I stopped here as the report presents a huge work but the technologies listed are quite strange.

Also we wonder why the following vendors are not listed: Acronis, Apeiron, BridgeStor, Datomia, Datrium, Exablox, GridStore, Igneous, Imanis Data, Komprise, Nakivo, Noobaa, Pavilion Data Systems, Portworx, ProphetStor, Rozo Systems, StorageOS, StorPool, StrongBox, Vexata.

November 11, 2017

AetherStore passes the 30,000 users over 150 countries

AetherStore (www.aetherstore.com), product developed by AetherWorks team, continues to penetrate the market with their brilliant P2P storage solution. Great, I'm a true believer of that with my own project KerStor several years ago.

Visited in New-York in September 2012 during the IT Press Tour #9, AetherStore has made great progress since that meeting. The adoption is pretty rapid with now more than 30,000 users in 150 countries globally. It marks a special milestone as the market changed a bit since the first projects in different world cities.

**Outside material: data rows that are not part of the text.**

(* Let $I$ be an index set, $S,T\in GL(2,\mathbb C)$, and for $r\in I$ let $P_r=S\,\mathrm{diag}\{p_{1r},p_{2r}\}S^{-1}$, $Q_r=T\,\mathrm{diag}\{q_{1r},q_{2r}\}T^{-1}$ (all entries nonzero). There exists a homeomorphism $f\colon\mathbb CP^1\to\mathbb CP^1$ with $f(P_rv)=Q_rf(v)$ for all $v\in\mathbb CP^1$, $r\in I$, if and only if there exists a complex number $\alpha$ with $\operatorname{Re}\alpha\neq-1$ such that either $$\frac{q_{1r}}{q_{2r}}=\frac{p_{1r}}{p_{2r}}\Bigl|\frac{p_{1r}}{p_{2r}}\Bigr|^{\alpha}\ \text{for all }r\in I,\qquad\text{or}\qquad \frac{q_{1r}}{q_{2r}}=\frac{\overline{p_{1r}}}{\overline{p_{2r}}}\Bigl|\frac{p_{1r}}{p_{2r}}\Bigr|^{\alpha}\ \text{for all }r\in I.$$
   Context: A matrix $P\in GL(n+1,\mathbb C)$ acts on $\mathbb CP^n$ by the induced linear-fractional (projective) transformation $v\mapsto Pv$ in homogeneous coordinates. For $t>0$, $t^\alpha=e^{\alpha\ln t}$. *)

theory Defs
  imports "HOL-Analysis.Analysis"
begin

text \<open>Points of CP^1: complex lines through 0 in C^2 (with 0 removed).\<close>
definition cproj :: "complex^2 \<Rightarrow> (complex^2) set" where
  "cproj v = {(\<chi> i. c * v $ i) | c. c \<noteq> 0}"

definition CP1 :: "(complex^2) set set" where
  "CP1 = cproj ` (UNIV - {0})"

text \<open>Quotient topology on CP^1 induced by cproj from C^2 minus the origin.\<close>
definition CP1_top :: "(complex^2) set topology" where
  "CP1_top = topology (\<lambda>U. U \<subseteq> CP1 \<and> open {v. v \<noteq> 0 \<and> cproj v \<in> U})"

lemma istopology_CP1: "istopology (\<lambda>U. U \<subseteq> CP1 \<and> open {v. v \<noteq> 0 \<and> cproj v \<in> U})"
proof -
  have i: "{v. v \<noteq> 0 \<and> cproj v \<in> S \<inter> T} = {v. v \<noteq> 0 \<and> cproj v \<in> S} \<inter> {v. v \<noteq> 0 \<and> cproj v \<in> T}"
    for S T :: "(complex^2) set set" by auto
  have u: "{v. v \<noteq> 0 \<and> cproj v \<in> \<Union>K} = (\<Union>S\<in>K. {v. v \<noteq> 0 \<and> cproj v \<in> S})"
    for K :: "(complex^2) set set set" by auto
  show ?thesis unfolding istopology_def i u by (auto intro: open_Int open_UN)
qed

definition pact :: "complex^2^2 \<Rightarrow> (complex^2) set \<Rightarrow> (complex^2) set" where
  "pact P L = (\<lambda>v. P *v v) ` L"

definition diag2 :: "complex \<Rightarrow> complex \<Rightarrow> complex^2^2" where
  "diag2 a b = (\<chi> i j. if i = j then (if i = 1 then a else b) else 0)"

definition cpowr :: "real \<Rightarrow> complex \<Rightarrow> complex" where
  "cpowr t \<alpha> = exp (\<alpha> * complex_of_real (ln t))"

end

theory Submission
  imports Defs
begin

It reminds me some pretty similar p2p, cloud, decentralized or dispersed storage approaches on private or public clouds, with players like Aerofs, Blockade, Cloudplan, Kerstor, Ubistorage, Ugloo, Sia.tech, Space Monkey, Storj, Symform, Transporter, Tudzu, or Wuala. Some of them still exist, others disappeared, got acquired or changed their model to offer P2P backup.

Like others, AetherStore targets now a backup use case that reduces the original promises made by all the players in that category. Initially these solutions bring on the table several key advantages:
  1. Stop to buy and over provision with new hardware,
  2. Increase the used ratio of the current deployment storage entities,
  3. Then the storage optimization is improved in favor on a real better used TB/$.
The difficulty came from initially the drop of the storage cost but above all the lack of partnership as nobody in the sales chain wished to reduce the storage sales. I’m sure you remember the swiss company named Wuala who approached the market with a trade model. The company got acquired by LaCie in 2009 and LaCie got acquired three years later by Seagate in 2012. Guess what, Seagate shut downed the Wuala service. It’s difficult to promote a service that could participate of the erosion of hard drives sales.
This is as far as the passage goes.